Ask and answer these five questions:
- What is the recurring membership fee.
- What is the recurring medication cost range.
- Does the cost change as dose changes.
- What renews automatically and when.
- What one-time fees exist, including shipping and labs if applicable.
Then ask the question most pricing pages avoid:
What does month two cost in a normal scenario?
That one question cuts through almost every intro pricing trick.
Micro-example with numbers:
- Provider A: $199 month one, then $399 plus medication that varies.
- Provider B: $449 all-in, stable month to month.
Provider A might still be cheaper long term. Or not. You can’t know until you compute steady-state.
When intro pricing is fine vs when it’s manipulative
Intro pricing can be fair. It can also be a trap.
Intro pricing is fine when
- The standard monthly price is visible.
- The promo terms are obvious.
- You can compute month two without guessing.
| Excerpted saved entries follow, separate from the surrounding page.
lemma sign_agreement_rigidity:
  fixes D D' :: "nat \<Rightarrow> nat \<Rightarrow> real" and \<theta> \<theta>' c c' :: real
  assumes "\<theta> \<notin> \<rat>" "\<theta> > 0"
    and D: "((\<lambda>(n, m). D n m - (\<theta> * real n - real m + c)) \<longlongrightarrow> 0) (sequentially \<times>\<^sub>F sequentially)"
    and D': "((\<lambda>(n, m). D' n m - (\<theta>' * real n - real m + c')) \<longlongrightarrow> 0) (sequentially \<times>\<^sub>F sequentially)"
    and sign: "\<forall>\<^sub>F (n, m) in sequentially \<times>\<^sub>F sequentially. 0 \<le> D n m * D' n m"
  shows "\<theta>' = \<theta> \<and> c' = c"
proof (rule ccontr)
  assume "\<not> (\<theta>' = \<theta> \<and> c' = c)"
  then have "(\<theta>' - \<theta>, c' - c) \<noteq> (0, 0)" by simp
  then obtain \<sigma> d where \<sigma>: "\<bar>\<sigma>\<bar> = 1" and "d > 0"
    and gap: "\<forall>\<^sub>F n in sequentially. d \<le> \<sigma> * ((\<theta>' - \<theta>) * real n + (c' - c))"
    by (rule affine_eventually_bounded_away)
  then have d4: "d / 4 > 0" by simp
  txt \<open>Place \<theta> n - m + c near -\<sigma> d / 2: then D has sign -\<sigma>, while D' differs from D by
    (\<theta>' - \<theta>) n + (c' - c) + o(1), which has sign \<sigma> and size at least d.\<close>
  have ev: "\<forall>\<^sub>F (n, m) in sequentially \<times>\<^sub>F sequentially.
      \<bar>D n m - (\<theta> * real n - real m + c)\<bar> < d / 4 \<and> \<bar>D' n m - (\<theta>' * real n - real m + c')\<bar> < d / 4 \<and>
      d \<le> \<sigma> * ((\<theta>' - \<theta>) * real n + (c' - c)) \<and> 0 \<le> D n m * D' n m"
    using tendstoD[OF D d4] tendstoD[OF D' d4] sign
      eventually_prod1[OF trivial_limit_sequentially, THEN iffD2, OF gap]
    by eventually_elim (auto simp: dist_real_def)
  have freq: "\<exists>\<^sub>F (n, m) in sequentially \<times>\<^sub>F sequentially.
      \<bar>\<theta> * real n - real m - (- c - \<sigma> * d / 2)\<bar> < d / 4"
    by (rule frequently_irrational_multiple_near[OF assms(1,2) d4])
  obtain n m where
    near: "\<bar>D n m - (\<theta> * real n - real m + c)\<bar> < d / 4" "\<bar>D' n m - (\<theta>' * real n - real m + c')\<bar> < d / 4"
      "\<bar>\<theta> * real n - real m - (- c - \<sigma> * d / 2)\<bar> < d / 4"
    and "d \<le> \<sigma> * ((\<theta>' - \<theta>) * real n + (c' - c))" "0 \<le> D n m * D' n m"
    using frequently_ex[OF frequently_eventually_frequently[OF freq ev]] by auto
  from \<sigma> consider "\<sigma> = 1" | "\<sigma> = -1" by linarith
  then have "D n m * D' n m < 0"
  proof cases
    case 1
    then have "D n m < 0" "D' n m > 0"
      using near \<open>d \<le> _\<close> unfolding abs_less_iff by (simp_all add: algebra_simps)
    then show ?thesis by (rule mult_neg_pos)
  next
    case 2
    then have "D n m > 0" "D' n m < 0"
      using near \<open>d \<le> _\<close> unfolding abs_less_iff by (simp_all add: algebra_simps)
    then show ?thesis by (rule mult_pos_neg)
  qed
  with \<open>0 \<le> D n m * D' n m\<close> show False by simp
qed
- Split billing is disclosed clearly before payment.
Intro pricing is manipulative when
- “Starting at” is the only number you can see.
- Medication cost is hidden until after payment.
- The timing of charges isn’t explained.
- Support can’t answer basic questions directly.
The big signal is this: can you compute what you’ll pay next month before you pay today?
If you can’t, the offer is designed to be hard to compare.
Wrap-up
Intro pricing is the story. Ongoing pricing is the budget.
The only clean way to compare providers is steady-state cost: what you pay after promos end and the structure is actually running. If a provider wants you to focus on month one, it’s usually because month two is less exciting.